Oleander ist normalerweise eine sehr blütenreiche Pflanze. Bildet er nur wenige oder gar keine Blüten aus, hängt dies oft mit Fehlern in der Haltung oder der Pflege der Pflanze zusammen. Welche Gründe der Auslöser für dieses Problem sein können, erfahren Sie in diesem Beitrag.
Falsche Düngung
Was das Düngen betrifft, sollten Sie bei dieser Pflanze eher zurückhaltend sein. Wird Oleander zu viel gedüngt, steckt er seine Energie in das vegetative Wachstum und vernachlässigt seine Blütenpracht. Außerdem bildet sich ein Überschuss an Stickstoff, der sich durch braune Blattränder bemerkbar macht. In diesem Fall sollten Sie die Pflanze schnellstmöglich umtopfen.
Beim zukünftigen Düngen verwenden Sie vorzugsweise einen Langzeitdünger mit einem ausgeglichenen Nährstoffverhältnis. Da diese Dünger nur in einem Abstand von 2 bis 3 Monaten verabreicht werden müssen, sind sie deutlich leichter zu dosieren.
Wassermangel
Eine weitere Ursache für ein Ausbleiben von Blüten kann ein Wassermangel sein. Oleander darf niemals zu trocken werden, denn das verträgt er gar nicht. Achten Sie an warmen Tagen darauf die Pflanze täglich zu bewässern. Das hierfür verwendete Gießwasser sollte unter keinen Umständen zu kalt oder zu kalkhaltig sein. Am besten verwenden Sie zur Bewässerung aufgefangenes Regenwasser.
Der Sommer war zu kalt

Oleander kann mit zu kühlen Temperaturen in der Sommerzeit nicht umgehen. Das zeigt er, indem er im Anschluss das Blühen verweigert. Sollten die Temperaturen im Sommer für einen längeren Zeitraum unter 18°C liegen, kann auch das der Grund sein, dass die Pflanze nicht blüht. Gegen diesen Umstand können Sie als Gärtner leider nichts unternehmen, außer im darauffolgenden Sommer wieder auf höhere Temperaturen zu hoffen.
Falscher Schnitt der Pflanze

Oleander sollte nicht geschnitten werden. Zupfen Sie vertrocknete Blüten stattdessen vorsichtig mit den Fingern ab. Da die Pflanze ihre Blüten an der Spitze des vorherigen Blütenstandes bildet, kann sie nicht mehr blühen, wenn dieser bereits abgetrennt wurde.

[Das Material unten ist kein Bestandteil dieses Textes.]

(* Let $L\in\mathbb N$, $L\ge2$, ${\bf A}\in\mathbb R^{M\times N}$, ${\bf b}\in\mathbb R^M$ with ${\bf b}\neq0$, and assume $S_+=\{{\bf z}\ge0:{\bf A}{\bf z}={\bf b}\}$ is non-empty. Let $(r,{\bf u})$ follow the weight-normalized gradient flow with learning rates $\eta_r(t)=r(t)^2$, $\eta_{\bf u}=1$, with $r(0)>0$, ${\bf u}(0)>0$, $\|{\bf u}(0)\|_2=1$, and put ${\bf x}=\frac{r}{\|{\bf u}\|_2}{\bf u}$. Then $\lim_{t\to\infty}\mathcal L({\bf x}(t))=0$.
   Context: $\odot$ denotes entrywise power; vector inequalities are entrywise. Loss: $\mathcal L({\bf x})=\frac{1}{2L}\|{\bf A}{\bf x}^{\odot L}-{\bf b}\|_2^2$. Weight-normalized loss $\tilde{\mathcal L}(r,{\bf u})=\mathcal L\big(\frac{r}{\|{\bf u}\|_2}{\bf u}\big)$. Weight-normalized gradient flow: $\partial_t r=-\eta_r\nabla_r\tilde{\mathcal L}(r,{\bf u})$, $\partial_t{\bf u}=-\eta_{\bf u}\nabla_{\bf u}\tilde{\mathcal L}(r,{\bf u})$, $r(0)=r_0$, ${\bf u}(0)={\bf u}_0$. *)

theory Defs
  imports "HOL-Analysis.Analysis"
begin

definition epow :: "real^'n \<Rightarrow> nat \<Rightarrow> real^'n" where
  "epow x L = (\<chi> i. (x $ i) ^ L)"

definition loss :: "nat \<Rightarrow> real^'n^'m \<Rightarrow> real^'m \<Rightarrow> real^'n \<Rightarrow> real" where
  "loss L A b x = (1 / (2 * real L)) * (norm (A *v epow x L - b))\<^sup>2"

definition wn_loss :: "nat \<Rightarrow> real^'n^'m \<Rightarrow> real^'m \<Rightarrow> real \<Rightarrow> real^'n \<Rightarrow> real" where
  "wn_loss L A b r u = loss L A b ((r / norm u) *\<^sub>R u)"

end

theory Submission
  imports Defs
begin

text \<open>
  Since the weight-normalized loss is invariant under positive rescaling of \<open>u\<close>, the flow keeps
  \<open>\<parallel>u\<parallel> = 1\<close>, and the choice \<open>\<eta>\<^sub>r = r\<^sup>2\<close> turns \<open>y = r u\<close> into the gradient flow of the loss slowed
  down by \<open>\<parallel>y\<parallel>\<^sup>2\<close>: \<open>y' = - \<parallel>y\<parallel>\<^sup>2 \<nabla>loss(y)\<close>. Its coordinates stay positive. For a nonnegative
  solution \<open>z\<close> of \<open>A z = b\<close>, the function \<open>F(y) = \<Sum>\<^sub>i y\<^sub>i\<^sup>2/2 - z\<^sub>i G(y\<^sub>i)\<close> with \<open>G'(x) = 1 / x^(L-1)\<close> satisfies
  \<open>F' = - 2L \<parallel>y\<parallel>\<^sup>2 loss(y)\<close>, so it decreases; it is bounded below, and since \<open>G(x) \<rightarrow> -\<infinity>\<close> as \<open>x \<rightarrow> 0\<close>,
  a coordinate with \<open>z\<^sub>k > 0\<close> stays above some \<open>\<delta> > 0\<close>. Then \<open>F(y) + 2L\<delta>\<^sup>2 t loss(y)\<close> is also
  nonincreasing, which gives \<open>loss(y(t)) = O(1/t)\<close>.
\<close>

lemma nonincreasing_of_deriv_nonpos:
  fixes \<phi> :: "real \<Rightarrow> real"
  assumes deriv: "\<And>t. t \<ge> a \<Longrightarrow> (\<phi> has_real_derivative \<phi>' t) (at t within {a..})"
    and nonpos: "\<And>t. t \<ge> a \<Longrightarrow> \<phi>' t \<le> 0"
    and "a \<le> t"
  shows "\<phi> t \<le> \<phi> a"
proof -
  have "\<And>s. a \<le> s \<Longrightarrow> s \<le> t \<Longrightarrow> (\<phi> has_derivative (*) (\<phi>' s)) (at s within {a..t})"
    using deriv unfolding has_field_derivative_def
    by (meson atLeastAtMost_iff atLeast_iff has_derivative_subset subsetI)
  from mvt_very_simple[OF \<open>a \<le> t\<close> this]
  obtain s where "s \<in> {a..t}" "\<phi> t - \<phi> a = \<phi>' s * (t - a)" by blast
  moreover have "\<phi>' s * (t - a) \<le> 0"
    using nonpos \<open>a \<le> t\<close> \<open>s \<in> {a..t}\<close> by (simp add: mult_nonpos_nonneg)
  ultimately show ?thesis by simp
qed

Ein Befall mit Schädlingen
Vor allem Blattläuse befallen Oleander oft und können dazu beitragen, dass dieser seine Blüte einstellt. Blattläuse ernähren sich vom Pflanzensaft des Oleanders. Ein sicheres Zeichen für einen Blattlausbefall sind deformierte Blätter. Handelt es sich bei den Schädlingen tatsächlich um Blattläuse, können Sie diese auch mit dem bloßen Auge erkennen. Es handelt sich um kleine Tiere, die schwarz, grün, rot, gelb oder weiß gefärbt sind.
Ein weiterer Nachteil dieser Schädlinge ist, dass sie Ameisen anlocken. Ein einfaches Hausmittel gegen Blattläuse ist eine Wasser-Essig-Mischung. Dieser Mischung können Sie bei Bedarf einige Tropfen Spülmittel hinzufügen. Sprühen Sie die Pflanze bei einem Blattlausbefall regelmäßig mit dieser Mischung ein, um die Schädlinge wieder loszuwerden.
Ein ungeeigneter Standort
Auch ein nicht geeigneter Standort, der beim Oleander schnell für Unbehagen sorgt, kann ein Grund für die fehlende Blüte sein. Oleander ist in China, Indien und dem Mittelmeerraum beheimatet. Daher mag es das Gewächs eher sonnig. Ideal ist ein Standort an einer Wand in südwestlicher Richtung. Ist der Standort sonnig, warm und windgeschützt, ist der Oleander rundum zufrieden.
Beachten Sie bei der Wahl des Standortes zum Schutz von Kindern und Tieren unbedingt, dass die Pflanze für Kinder und Haustiere unzugänglich sein muss, da sie beim Verzehr toxische Wirkungen hervorruft.
Expertentipp
Oleander bevorzugt zwar eine starke Bewässerung, allerdings verträgt er Staunässe nicht. Kontrollieren Sie regelmäßig, ob überschüssiges Wasser nach dem Gießen auch rückstandslos ablaufen kann.